━━━━━ DATA SUPPLIED ━━━━━

lemma finite_commuting_normal_set_imp_torsion_free_normal:
  assumes Z: "finite Z" "Z \<subseteq> FC G" and comm: "\<forall>u\<in>Z. \<forall>v\<in>Z. u \<otimes> v = v \<otimes> u"
    and conj: "\<And>z g. z \<in> Z \<Longrightarrow> g \<in> carrier G \<Longrightarrow> g \<otimes> z \<otimes> inv g \<in> Z"
  shows "\<exists>d::nat. d > 0 \<and> (\<exists>N. subgroup N G \<and> (\<forall>z\<in>Z. z [^] d \<in> N) \<and> torsion_free G N
           \<and> (\<forall>a\<in>N. \<forall>b\<in>N. a \<otimes> b = b \<otimes> a) \<and> N \<lhd> G \<and> N \<subseteq> FC G)"
proof -
  have Z_carr: "Z \<subseteq> carrier G" using Z(2) subgroup.subset[OF subgroup_FC] by blast
  define A where "A = generate G Z"
  have A_sub: "subgroup A G"
    unfolding A_def using Z_carr by (rule generate_is_subgroup)
  have A_comm: "\<forall>a\<in>A. \<forall>b\<in>A. a \<otimes> b = b \<otimes> a"
    unfolding A_def using Z_carr comm by (rule generate_commutative)
  have A_normal: "A \<lhd> G"
    unfolding A_def using Z_carr conj by (rule normal_generateI)
  have A_FC: "A \<subseteq> FC G"
    unfolding A_def using Z(2) subgroup_FC by (rule generate_subgroup_incl)
  obtain d :: nat where d: "d > 0" "\<forall>t\<in>torsion G A. t [^] d = \<one>"
    using torsion_generate_bounded_exponent[OF Z(1) Z_carr comm] unfolding A_def by blast
  define N where "N = (\<lambda>a. a [^] d) ` A"
  have "\<forall>z\<in>Z. z [^] d \<in> N"
    unfolding N_def A_def by (intro ballI imageI generate.incl)
  moreover have "N \<subseteq> A"
    unfolding N_def using A_sub by (rule nat_pow_image_subset)
  moreover have "subgroup N G"
    unfolding N_def using A_sub A_comm by (rule subgroup_nat_pow_image)
  moreover have "torsion_free G N"
    unfolding N_def using A_sub d(2) by (rule torsion_free_nat_pow_image)
  moreover have "N \<lhd> G"
    unfolding N_def using A_normal A_comm by (rule normal_nat_pow_image)
  ultimately show ?thesis
    using d(1) A_comm A_FC by blast
qed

━━━━━

EXERCISE BRIEF
Restate, word for word, the listing above from its first line through the line that contains "u \<otimes> v", keeping both of those lines.

TASK ANSWER
lemma finite_commuting_normal_set_imp_torsion_free_normal:
  assumes Z: "finite Z" "Z \<subseteq> FC G" and comm: "\<forall>u\<in>Z. \<forall>v\<in>Z. u \<otimes> v = v \<otimes> u"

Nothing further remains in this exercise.